The Benedictine Order of the day is a model for mindfulness

by DRM

An essen­tial step for­ward is the devel­op­ment of a fit­ting order of the day: a divi­sion of the day that gives a rhythm to the day, with a rea­son­ably fixed pat­tern of exer­tion and relax­ation, of spir­i­tual breath­ing in and breath­ing out, of order­ing one’s envi­ron­ment and moments when one is in touch with some­thing beau­ti­ful.“
The Rule of Bene­dict for Begin­ners, by Wil Derkse

The Ben­dectines call it the Order of the day: a sequence of prayers designed to con­nect the pas­sage of the hours to the divine state of exis­tence. Within this order, the monks are able to access the beauty of their faith.
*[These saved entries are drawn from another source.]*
(* Let $d\ge1$, $1<r<\infty$, $k\in\mathbb{Z}$, $C_1>0$, and $\alpha>\frac{d-1}{r'}$ where $r'=r/(r-1)$. Let $\mathcal{Q}$ be a finite collection of pairwise disjoint cubes $Q\subset\mathbb{R}^d$ with side length $\ell(Q)\le C_1 2^k$, and for each $Q\in\mathcal{Q}$ let $b^Q$ be an integrable scalar-valued function supported on $Q$ with $\int b^Q=0$. Then for every $x\in\mathbb{R}^d$, $$R_k\Big(\sum_{Q\in\mathcal{Q}}b^Q\Big)(x)^r\le C\,(2^k)^{\alpha r}\sum_{Q\in\mathcal{Q}}\ell(Q)^{-\alpha r}R_k(b^Q)(x)^r,$$ where $C$ depends only on $\alpha,r,d,C_1$.
   Context: $A_tb(x)=\frac{1}{|B(0,t)|}\int_{B(0,t)}b(x+y)\,dy$. For $(a_t)_{t\in I}$, $\hat V^r(a_t)_{t\in I}=\sup_{t_0<\dots<t_J\in I}(\sum_{j=1}^J|a_{t_j}-a_{t_{j-1}}|^r)^{1/r}$ and $V^r(a_t)_{t\in I}=\sup_{t\in I}|a_t|+\hat V^r(a_t)_{t\in I}$. Define $R_kb(x)=V^r(A_tb(x))_{t\in[2^k,2^{k+1}]}$. *)

theory Defs
  imports "HOL-Analysis.Analysis"
begin

definition epowr :: "ennreal \<Rightarrow> real \<Rightarrow> ennreal" where
  "epowr x p = (if x = \<infinity> then \<infinity> else ennreal (enn2real x powr p))"

definition avg :: "real \<Rightarrow> ('a::euclidean_space \<Rightarrow> complex) \<Rightarrow> 'a \<Rightarrow> complex" where
  "avg t b x = (1 / measure lebesgue (ball (0::'a) t)) *\<^sub>R
      (LINT y : ball (0::'a) t | lebesgue. b (x + y))"

definition hatV :: "real \<Rightarrow> (real \<Rightarrow> complex) \<Rightarrow> real set \<Rightarrow> ennreal" where
  "hatV r a I = (SUP (J, t) \<in> {(J::nat, t::nat \<Rightarrow> real).
        (\<forall>j<J. t j < t (Suc j)) \<and> (\<forall>j\<le>J. t j \<in> I)}.
      ennreal ((\<Sum>j=1..J. norm (a (t j) - a (t (j - 1))) powr r) powr (1 / r)))"

definition Vr :: "real \<Rightarrow> (real \<Rightarrow> complex) \<Rightarrow> real set \<Rightarrow> ennreal" where
  "Vr r a I = (SUP t\<in>I. ennreal (norm (a t))) + hatV r a I"

definition Rk :: "real \<Rightarrow> int \<Rightarrow> ('a::euclidean_space \<Rightarrow> complex) \<Rightarrow> 'a \<Rightarrow> ennreal" where
  "Rk r k b x = Vr r (\<lambda>t. avg t b x) {2 powr real_of_int k .. 2 powr real_of_int (k + 1)}"

text \<open>Q is a cube of side length l: it lies between the open and the closed axis-parallel box
  with lower corner a and side l (so open, closed and half-open cubes are all allowed).\<close>
definition is_cube :: "'a::euclidean_space set \<Rightarrow> real \<Rightarrow> bool" where
  "is_cube Q l \<longleftrightarrow> l > 0 \<and> (\<exists>a. box a (a + l *\<^sub>R One) \<subseteq> Q \<and> Q \<subseteq> cbox a (a + l *\<^sub>R One))"

end

theory Submission
  imports Defs
begin

(* Since b^Q is supported in the cube Q and has mean zero, A_t b^Q(x) vanishes unless
   the sphere S(x,t) meets Q (otherwise the ball B(x,t) either misses Q or contains it).  Cubes of side
   about sigma meeting S(x,t) lie in a spherical shell of width ~ d*sigma, so by volume counting the
   weights l(Q)^beta, beta = alpha r' > d - 1, of the cubes meeting a sphere sum, over all dyadic scales
   sigma <= C1 2^k, to at most K (2^k)^beta.  The weighted Hoelder inequality with weights u_Q = l(Q)^alpha
   then bounds |sum_Q a_Q|^r by (K (2^k)^beta)^(r-1) sum_Q l(Q)^(-alpha r) |a_Q|^r, both for the values
   A_t b^Q(x) and for their increments between two times (where at most twice the weight is involved);
   since beta (r-1) = alpha r this is the factor (2^k)^(alpha r) of the statement. *)

section \<open>Averages over balls\<close>

lemma lebesgue_translate:
  "distr lebesgue lebesgue (\<lambda>y. x + y) = (lebesgue :: 'a::euclidean_space measure)"
proof -
  have T: "(\<lambda>y. x + (\<Sum>j\<in>(Basis::'a set). (1 * (y \<bullet> j)) *\<^sub>R j)) = (\<lambda>y. x + y)"
    by (simp add: euclidean_representation)
  have "lebesgue = density (distr lebesgue lebesgue
      (\<lambda>y. x + (\<Sum>j\<in>(Basis::'a set). (1 * (y \<bullet> j)) *\<^sub>R j))) (\<lambda>_. (\<Prod>j\<in>(Basis::'a set). \<bar>1::real\<bar>))"
    by (rule lebesgue_affine_euclidean) simp
  then show ?thesis unfolding T by (simp add: density_1)
qed

lemma translate_measurable: "(\<lambda>y. x + y) \<in> (lebesgue :: 'a::euclidean_space measure) \<rightarrow>\<^sub>M lebesgue"
proof -
  have T: "(\<lambda>y. x + (\<Sum>j\<in>(Basis::'a set). (1 * (y \<bullet> j)) *\<^sub>R j)) = (\<lambda>y. x + y)"
    by (simp add: euclidean_representation)
  show ?thesis using lebesgue_affine_measurable[of "\<lambda>_. 1::real" x] unfolding T by simp
qed

lemma integrable_translate:
  fixes b :: "'a::euclidean_space \<Rightarrow> 'b::{banach, second_countable_topology}"
  assumes "integrable lebesgue b"
  shows "integrable lebesgue (\<lambda>y. b (x + y))"
proof -
  have "integrable (distr lebesgue lebesgue (\<lambda>y. x + y)) b"
    using assms by (simp add: lebesgue_translate)
  then show ?thesis using integrable_distr_eq[OF translate_measurable, of b] by auto
qed

lemma integral_translate:
  fixes b :: "'a::euclidean_space \<Rightarrow> 'b::{banach, second_countable_topology}"
  assumes "integrable lebesgue b"
  shows "(LINT y | lebesgue. b (x + y)) = (LINT y | lebesgue. b y)"
proof -
  have "(LINT y | lebesgue. b (x + y)) = (LINT y | distr lebesgue lebesgue (\<lambda>y. x + y). b y)"
    by (rule integral_distr[symmetric, OF translate_measurable]) (use assms in auto)
  then show ?thesis by (simp add: lebesgue_translate)
qed

lemma avg_sum:
  fixes b :: "'i \<Rightarrow> 'a::euclidean_space \<Rightarrow> complex"
  assumes "finite I" "\<And>i. i \<in> I \<Longrightarrow> integrable lebesgue (b i)"
  shows "avg t (\<lambda>y. \<Sum>i\<in>I. b i y) x = (\<Sum>i\<in>I. avg t (b i) x)"
proof -
  have int: "integrable lebesgue (\<lambda>y. indicator (ball 0 t) y *\<^sub>R b i (x + y))" if "i \<in> I" for i
    by (rule integrable_mult_indicator) (use integrable_translate[OF assms(2)[OF that]] in auto)
  have "(LINT y : ball 0 t | lebesgue. (\<Sum>i\<in>I. b i (x + y)))
      = (\<Sum>i\<in>I. LINT y : ball 0 t | lebesgue. b i (x + y))"
    unfolding set_lebesgue_integral_def scaleR_sum_right
    by (rule Bochner_Integration.integral_sum) (use int in auto)
  then show ?thesis unfolding avg_def by (simp add: scaleR_sum_right)
qed

text \<open>Cancellation: if b has mean zero and vanishes outside a connected set S that does not meet
  the sphere S(x,t), then the ball B(x,t) either misses S or contains it, so A_t b(x) = 0.\<close>

lemma avg_vanishes:
  fixes b :: "'a::euclidean_space \<Rightarrow> complex"
  assumes "integrable lebesgue b" "\<And>y. y \<notin> S \<Longrightarrow> b y = 0" "(LINT y | lebesgue. b y) = 0"
    "connected S" "S \<inter> sphere x t = {}" "t > 0"
  shows "avg t b x = 0"
proof (cases "S \<inter> ball x t = {}")
  case True
  have "indicator (ball 0 t) y *\<^sub>R b (x + y) = 0" for y
  proof (cases "y \<in> ball 0 t")
    case True
    then have "x + y \<notin> S" using \<open>S \<inter> ball x t = {}\<close> by (auto simp: dist_norm)
    then show ?thesis using assms(2) by simp
  qed simp
  then have "(\<lambda>y. indicator (ball 0 t) y *\<^sub>R b (x + y)) = (\<lambda>_. 0)" by (rule ext)
  then show ?thesis unfolding avg_def set_lebesgue_integral_def by simp
next
  case False
  have "S \<subseteq> ball x t"
  proof (rule ccontr)
    assume "\<not> S \<subseteq> ball x t"
    then have "S \<inter> frontier (ball x t) \<noteq> {}"
      using connected_Int_frontier[OF assms(4) False] by blast
    then show False using assms(5,6) by simp
  qed
  have "indicator (ball 0 t) y *\<^sub>R b (x + y) = b (x + y)" for y
  proof (cases "y \<in> ball 0 t")
    case False
    then have "x + y \<notin> S" using \<open>S \<subseteq> ball x t\<close> by (auto simp: dist_norm)
    then show ?thesis using assms(2) by simp
  qed simp
  then show ?thesis unfolding avg_def set_lebesgue_integral_def
    using integral_translate[OF assms(1), of x] assms(3) by simp
qed

section \<open>Weighted Hoelder inequality for finite sums\<close>

text \<open>(sum c_i)^r \<le> (sum w_i^r')^(r-1) * sum w_i^(-r) c_i^r with r' = r/(r-1), for positive c_i:
  Jensen's inequality for the convex function s \<mapsto> s^r with respect to the probability
  weights p_i = w_i^r' / W, W = sum w^r', applied to the points y_i = W c_i / w_i^r'.\<close>

lemma holder_sum_pos:
  fixes c w :: "'i \<Rightarrow> real"
  assumes J: "finite J" "J \<noteq> {}" and w: "\<And>i. i \<in> J \<Longrightarrow> w i > 0"
    and c: "\<And>i. i \<in> J \<Longrightarrow> c i > 0" and r: "r > 1"
  shows "(\<Sum>i\<in>J. c i) powr r
    \<le> (\<Sum>i\<in>J. w i powr (r/(r-1))) powr (r-1) * (\<Sum>i\<in>J. w i powr (-r) * c i powr r)"
proof -
  define q where "q = r/(r-1)"
  have "q * (r - 1) = r" using r by (simp add: q_def)
  then have qr: "q - q * r = - r" by (simp add: algebra_simps)
  define W where "W = (\<Sum>i\<in>J. w i powr q)"
  have W: "W > 0" unfolding W_def using J w by (intro sum_pos) (auto, force)
  define p where "p i = w i powr q / W" for i
  define y where "y i = W * c i / w i powr q" for i
  have jensen: "(\<Sum>i\<in>J. p i *\<^sub>R y i) powr r \<le> (\<Sum>i\<in>J. p i * y i powr r)"
  proof (rule convex_on_sum[OF J powr_convex])
    show "1 \<le> r" using r by simp
    show "(\<Sum>i\<in>J. p i) = 1" unfolding p_def W_def using W W_def
      by (simp add: sum_divide_distrib[symmetric])
    show "\<And>i. i \<in> J \<Longrightarrow> 0 \<le> p i" unfolding p_def using W by simp
    show "y i \<in> {0<..}" if "i \<in> J" for i
      unfolding y_def using W c[OF that] w[OF that] by (simp add: divide_pos_pos)
  qed
  have mean: "(\<Sum>i\<in>J. p i *\<^sub>R y i) = (\<Sum>i\<in>J. c i)"
  proof (rule sum.cong)
    fix i assume "i \<in> J"
    then have "w i > 0" by (rule w)
    then show "p i *\<^sub>R y i = c i" using W by (simp add: p_def y_def)
  qed simp
  have summand: "p i * y i powr r = W powr (r - 1) * (w i powr (-r) * c i powr r)" if "i \<in> J" for i
  proof -
    have "y i powr r = W powr r * c i powr r / w i powr (q * r)"
      unfolding y_def using W c[OF that] w[OF that]
      by (simp add: powr_divide powr_mult powr_powr)
    then have "p i * y i powr r = W powr r / W * c i powr r * (w i powr q / w i powr (q * r))"
      unfolding p_def by simp
    also have "w i powr q / w i powr (q * r) = w i powr (-r)"
      using w[OF that] qr by (simp add: powr_diff[symmetric])
    also have "W powr r / W = W powr (r - 1)"
      using W by (simp add: powr_diff)
    finally show ?thesis by simp
  qed
  show ?thesis
    using jensen mean summand unfolding W_def q_def by (simp add: sum_distrib_left)
qed

lemma holder_support:
  fixes c u :: "'i \<Rightarrow> real"
  assumes I: "finite I" and r: "r > 1" and u: "\<And>i. i \<in> I \<Longrightarrow> u i > 0"
    and c: "\<And>i. i \<in> I \<Longrightarrow> c i \<ge> 0"
    and W: "(\<Sum>i\<in>{i\<in>I. c i \<noteq> 0}. u i powr (r/(r-1))) \<le> B"
  shows "(\<Sum>i\<in>I. c i) powr r \<le> B powr (r - 1) * (\<Sum>i\<in>I. u i powr (-r) * c i powr r)"
proof -
  let ?Z = "{i\<in>I. c i \<noteq> 0}"
  have Z: "?Z \<subseteq> I" and fZ: "finite ?Z" using I by auto
  have sumZ: "(\<Sum>i\<in>I. c i) = (\<Sum>i\<in>?Z. c i)"
    by (rule sum.mono_neutral_right[OF I Z]) auto
  show ?thesis
  proof (cases "?Z = {}")
    case True
    then show ?thesis using sumZ by (simp add: sum_nonneg)
  next
    case False
    have "(\<Sum>i\<in>I. c i) powr r
        \<le> (\<Sum>i\<in>?Z. u i powr (r/(r-1))) powr (r-1) * (\<Sum>i\<in>?Z. u i powr (-r) * c i powr r)"
      unfolding sumZ using u c by (intro holder_sum_pos[OF fZ False _ _ r]) (auto simp: less_le)
    also have "\<dots> \<le> B powr (r - 1) * (\<Sum>i\<in>I. u i powr (-r) * c i powr r)"
      using W r by (intro mult_mono powr_mono2 sum_mono2[OF I Z]) (auto intro: sum_nonneg)
    finally show ?thesis .
  qed
qed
When I was young, some after­noons I would cross the fields and walk up the hill to the church, break­ing a sweat to arrive before the monks gath­ered for Com­pline. This was the sim­plest hour of the day: a quar­tet of psalms repeated in plain­song each day. It was sung at dusk, when the sun was retir­ing from the sky.

The monks shuf­fled in silently from the back of the chan­cel. They were obscured by the faint light spilling in through the high stained glass win­dows. Each of them had an indi­vid­ual iden­tity for me: the monk who taught us flute, or the monk who would hand out treats at the back kitchen door, the one who gar­dened daily. Together iden­tity was sub­li­mated to the work of the group: prayer, under­stand­ing and veneration.

I knew that they didn’t speak dur­ing the day in the monastery. One of the monks would read to the group dur­ing din­ner and they would have some com­mon dis­cus­sion in the short spell after din­ner, but their other hours were spent in silence or service.

The muf­fled sounds over­whelmed me. I waited for the silence to break from con­fu­sion. A soft melody would seep from the dark­ness. A quiv­er­ing, deci­sive voice would lead the com­mu­nity into song.

They were not beau­ti­ful in a musi­cal way. The range was lim­ited, and some strong voices lacked vari­ety. What made the ser­vice beau­ti­ful was its reg­u­lar­ity, its prac­ticed flow. I could not under­stand the words. In the chant, I searched for a spir­i­tual con­nec­tion that eluded me. Today, I real­ize that I yearned for the “fit­ting order” that struc­tured their lives. I sensed that it might be a path to qui­et­ing the mind.

When I read about the Bene­dic­tine order of the hours, I con­trast it with the helter-skelter irreg­u­lar­ness of my day-to-day. To lead a prac­ticed, mind­ful and orderly life in such cir­cum­stances is a chal­lenge that I feel, cre­at­ing an absence that I rue.